Victor was as familiar with Bebe Chicago’s name as I was, probably more familiar, since Victor received a detailed report on Bebe Chicago every morning at nine o’clock.
With his coffee.
“I sometimes wonder if your son has leanings. That way.”
“No need to worry about the norteamericana, then.”
Victor drummed his fingers on a flask and watched me for a long time without speaking.
“The West Indian is financing the guerrilleros,” he said suddenly. “I happen to know that.”
“I know you ‘happen to know that,’ Victor. You told me a year ago. When Gerardo and Elena were such a burden to you.”
“It doesn’t make any difference to you that this West Indian is financing the guerrilleros?”

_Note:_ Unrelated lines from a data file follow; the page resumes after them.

text \<open>If the transfer vanishes but some defect does not, then there are sides with positive and
  with negative defect. Either no gap of a too long side is positive, and then that side has
  length zero, or \<open>excess u > 0\<close> and the gap of a too short side must be maximal; both contradict
  the sign of the defect.\<close>

lemma defect_zero_if_transfer_zero:
  assumes u: "u \<in> admissible" and zero: "\<forall>i\<in>{1..n-1}. transfer u i = 0"
  shows "\<forall>i\<in>{1..n}. defect u i = 0"
proof (rule ccontr)
  assume "\<not> (\<forall>i\<in>{1..n}. defect u i = 0)"
  then have "\<exists>k\<in>{1..n}. 0 < defect u k" "\<exists>l\<in>{1..n}. defect u l < 0"
    using sum_zero_pos_and_neg[of "{1..n}" "defect u"] sum_defect[OF u] by auto
  then obtain k l where k: "k \<in> {1..n}" "0 < defect u k" and l: "l \<in> {1..n}" "defect u l < 0"
    by blast
  have transfer_0: "transfer u i = 0" if "i \<in> {1..n}" for i
    using zero sum_transfer[of u] sum_split_last[of "transfer u"] that by (cases "i = n") auto
  show False
  proof (cases "excess u = 0")
    case True
    then have "max 0 (- defect u l) * gap u l = 0"
      using l(1) gap_bounds[OF u] unfolding excess_def
      by (subst (asm) sum_nonneg_eq_0_iff) auto
    then show False using defect_pos_if_gap_0[of l u] l by simp
  next
    case False
    then have "0 < excess u" using excess_bounds[OF u] by simp
    then have "gap u k = max_gap"
      using transfer_0[OF k(1)] k(2) step_pos by (simp add: transfer_def)
    then show False using defect_neg_if_gap_max[OF u k(1)] k(2) by simp
  qed
qed

definition retract :: "(nat \<Rightarrow> real) \<Rightarrow> nat \<Rightarrow> real" where
  "retract v i = v i * (2*pi) / max (2*pi) (\<Sum>j\<in>{1..n-1}. v j)
                 + max 0 (\<epsilon> - (\<Sum>j\<in>{1..n-1}. v j)) / real (n - 1)"

lemma retract_admissible:
  assumes v: "\<forall>i\<in>{1..n-1}. 0 \<le> v i \<and> v i \<le> max_gap"
  shows "retract v \<in> admissible"
proof -
  define T where "T = (\<Sum>j\<in>{1..n-1}. v j)"
  have "0 \<le> T" unfolding T_def by (rule sum_nonneg) (use v in auto)
  have vT: "v i \<le> T" if "i \<in> {1..n-1}" for i
    unfolding T_def by (rule member_le_sum) (use v that in auto)
  define c where "c = 2*pi / max (2*pi) T"
  define t where "t = max 0 (\<epsilon> - T) / real (n - 1)"
  have n1: "1 \<le> real (n - 1)" using n_ge_3 by simp
  have retract_eq: "retract v i = c * v i + t" for i
    unfolding retract_def c_def t_def T_def by simp
  have "0 < max (2*pi) T" by (rule less_le_trans[OF _ max.cobounded1]) simp
  then have c: "0 < c" "c \<le> 1" by (auto simp: c_def divide_le_eq_1)
  have "0 \<le> t" using n1 by (simp add: t_def)
  have coords: "0 \<le> retract v i \<and> retract v i \<le> max_gap" if i: "i \<in> {1..n-1}" for i
  proof (cases "\<epsilon> \<le> T")
    case True
    have "0 \<le> v i" "v i \<le> max_gap" using v i by auto
    have "t = 0" using True by (simp add: t_def)
    moreover have "c * v i \<le> v i" using c v i by (simp add: mult_left_le_one_le)
    ultimately show ?thesis using retract_eq[of i] c \<open>0 \<le> v i\<close> \<open>v i \<le> max_gap\<close> by auto
  next
    case False
    then have "T < 2*pi" using \<epsilon> pi_gt_zero by linarith
    then have "c = 1" by (simp add: c_def)
    have "t \<le> \<epsilon> - T"
      using False n1 divide_left_mono[of 1 "real (n - 1)" "\<epsilon> - T"] by (simp add: t_def)
    then show ?thesis
      using retract_eq[of i] \<open>c = 1\<close> vT[OF i] v i \<open>0 \<le> t\<close> max_gap_bounds by auto
  qed
  have "(\<Sum>i\<in>{1..n-1}. retract v i) = c * T + max 0 (\<epsilon> - T)"
    using n1 by (simp add: retract_eq sum.distrib sum_distrib_left[symmetric] T_def t_def)
  moreover have "\<epsilon> \<le> c * T + max 0 (\<epsilon> - T) \<and> c * T + max 0 (\<epsilon> - T) \<le> 2*pi"
    using \<epsilon> pi_gt_zero by (cases "T \<le> 2*pi") (auto simp: c_def)
  ultimately show ?thesis
    unfolding admissible_def using coords by auto
qed

lemma retract_id:
  assumes "v \<in> admissible"
  shows "retract v i = v i"
proof -
  have "max (2*pi) (\<Sum>j\<in>{1..n-1}. v j) = 2*pi" "max 0 (\<epsilon> - (\<Sum>j\<in>{1..n-1}. v j)) = 0"
    using assms by (auto simp: admissible_def)
  then show ?thesis by (simp add: retract_def)
qed

lemma continuous_on_retract: "continuous_on X (\<lambda>v. retract v i)"
proof -
  have "max (2*pi) t \<noteq> 0" for t :: real
    using pi_gt_zero max.cobounded1[of "2*pi" t] by linarith
  then show ?thesis
    unfolding retract_def by (intro continuous_intros) (use n_ge_3 in auto)
qed

lemma continuous_on_vertex: "continuous_on X (\<lambda>u. vertex u k)"
  unfolding vertex_def by (cases "n \<le> k") (simp_all add: continuous_intros)

lemma continuous_on_side: "continuous_on X (\<lambda>u. side u i)"
  unfolding side_def
  by (intro continuous_intros continuous_on_compose2[OF \<gamma>_cont continuous_on_vertex]) auto

lemma continuous_on_adjust: "continuous_on admissible (\<lambda>u. adjust u i)"
proof -
  have defect: "continuous_on admissible (\<lambda>u. defect u j)" for j
    unfolding defect_def perimeter_def
    by (intro continuous_intros continuous_on_side) (use perimeter_pos in \<open>force simp: perimeter_def\<close>)
  have gap: "continuous_on admissible (\<lambda>u. gap u j)" for j
    unfolding gap_def by (intro continuous_intros continuous_on_vertex)
  show ?thesis
    unfolding adjust_def transfer_def excess_def room_def
    by (intro continuous_intros defect gap)
qed

text \<open>Coordinate \<open>i - 1\<close> of the unit cube is rescaled to gap \<open>i\<close>.\<close>

definition from_cube :: "(nat \<Rightarrow> real) \<Rightarrow> nat \<Rightarrow> real" where
  "from_cube x i = max_gap * x (i - 1)"

lemma from_cube_bounds:
  "x \<in> nat_cube (n - 1) \<Longrightarrow> \<forall>i\<in>{1..n-1}. 0 \<le> from_cube x i \<and> from_cube x i \<le> max_gap"
  using max_gap_bounds \<epsilon> by (auto simp: nat_cube_def from_cube_def)

lemma continuous_on_retract_from_cube: "continuous_on S (\<lambda>x. retract (from_cube x))"
proof -
  have "continuous_on UNIV (\<lambda>x. from_cube x j)" for j
    unfolding from_cube_def by (intro continuous_intros)
  then have "continuous_on UNIV (\<lambda>x. retract (from_cube x))"
    by (intro continuous_on_coordinatewise_then_product continuous_on_compose2[OF continuous_on_retract])
      (auto intro: continuous_on_coordinatewise_then_product)
  then show ?thesis
    by (rule continuous_on_subset) simp
qed

text \<open>Brouwer's theorem is applied to \<open>adjust\<close> composed with \<open>retract\<close>, transported to the
  unit cube; since \<open>adjust\<close> maps into \<open>admissible\<close>, the fixed point lies there already.\<close>

lemma adjust_has_fixpoint: "\<exists>u\<in>admissible. \<forall>i\<in>{1..n-1}. adjust u i = u i"
proof -
  define f where "f x = (\<lambda>i. if i < n - 1 then adjust (retract (from_cube x)) (Suc i) / max_gap else 0)"
    for x
  have "0 < max_gap" using max_gap_bounds \<epsilon> by linarith
  have in_admissible: "adjust (retract (from_cube x)) \<in> admissible" if "x \<in> nat_cube (n - 1)" for x
    by (rule adjust_admissible[OF retract_admissible[OF from_cube_bounds[OF that]]])
  have "\<exists>x\<in>nat_cube (n - 1). \<forall>i<n - 1. f x i = x i"
  proof (rule brouwer_nat_cube)
    fix i assume "i < n - 1"
    have "continuous_on (nat_cube (n - 1)) (\<lambda>x. adjust (retract (from_cube x)) (Suc i) / max_gap)"
      using \<open>0 < max_gap\<close> retract_admissible[OF from_cube_bounds] continuous_on_retract_from_cube
      by (intro continuous_intros continuous_on_compose2[OF continuous_on_adjust])
        (auto intro: continuous_on_product_then_coordinatewise)
    then show "continuous_on (nat_cube (n - 1)) (\<lambda>x. f x i)"
      using \<open>i < n - 1\<close> by (simp add: f_def)
  next
    fix x i assume "x \<in> nat_cube (n - 1)" "i < n - 1"
    then show "0 \<le> f x i \<and> f x i \<le> 1"
      using in_admissible[OF \<open>x \<in> nat_cube (n - 1)\<close>] \<open>0 < max_gap\<close>
      by (auto simp: admissible_def f_def)
  qed
  then obtain x where x: "x \<in> nat_cube (n - 1)" and fixed: "\<forall>i<n - 1. f x i = x i" by blast
  have adjust_x: "adjust (retract (from_cube x)) i = from_cube x i" if "i \<in> {1..n-1}" for i
    using fixed[rule_format, of "i - 1"] that \<open>0 < max_gap\<close>
    by (auto simp: from_cube_def f_def field_simps)
  have "from_cube x \<in> admissible"
    using in_admissible[OF x] adjust_x by (simp add: admissible_def)
  moreover from this have "retract (from_cube x) = from_cube x"
    by (simp add: retract_id fun_eq_iff)
  ultimately show ?thesis
    using adjust_x by (intro bexI[of _ "from_cube x"]) auto
qed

“It doesn’t make any difference to you either. If it did you’d arrest him.”
“I don’t arrest him because I don’t want to embarrass your son.”
I said nothing.
Victor would have arrested me if he thought he could carry it off.
“All right then,” Victor said. “You tell me why I don’t arrest him.”
“You don’t arrest him because you want to know who’s financing him. That’s why you don’t arrest him.”
Victor sat in silence drumming his fingers on the flask.
It was the usual unsolved equation of the harmonic tremor in Boca Grande.
If Bebe Chicago was running the guerrilleros then X must be running Bebe Chicago.
Who was X.
This time.
There you had it. The guerrilleros would stage their “expropriations” and leave their communiqués about the “People’s Revolution” and everyone would know who was financing the guerrilleros but for a while no one would know for whose benefit the guerrilleros were being financed. In the end the guerrilleros would all be shot and the true players would be revealed.
Mirabile dictu.
People we knew.
I remembered Luis using the guerrilleros against Anastasio Mendana-Lopez and I also remember Victor using the guerrilleros, against Luis.
I only think that.
I never knew that. Empirically.
In this case of course it would turn out to be Antonio who was using the guerrilleros, against Victor, but no one understood this in March.
Except Gerardo.
Gerardo understood it in March.
Maybe Carmen Arrellano understood it in March too.
Charlotte never did understand it.
I don’t know that either. Empirically.
“I suppose you do know who’s running the West Indian?” Victor said after a while. He was still drumming his fingers on the flask, a barrage of little taps, a tattoo. “I suppose in your infinite wisdom you know who’s running the West Indian and one day you might deign to tell me?”
“How would I know who’s running the West Indian, Victor? I’m not the Minister of Defense. You might want to watch that flask you’re banging around, it’s cancer virus.” It was not cancer virus but I liked to reinforce the taboo. “Live.”
Victor stood up abruptly.
“Disgusting,” he said finally. “Filthy. Crude. The thought of it makes me retch.”
“Are you talking about the cancer virus or the guerrilleros?”
“I am talking,” he whispered, his voice strangled, “about the kind of woman who would kill a chicken with her bare hands.”
It occurred to me that morning that Charlotte Douglas was acquiring certain properties of taboo.
Which might have stood her in good stead.
Had Victor been in charge at the Estadio Nacional instead of waiting it out with El Presidente at Bariloche.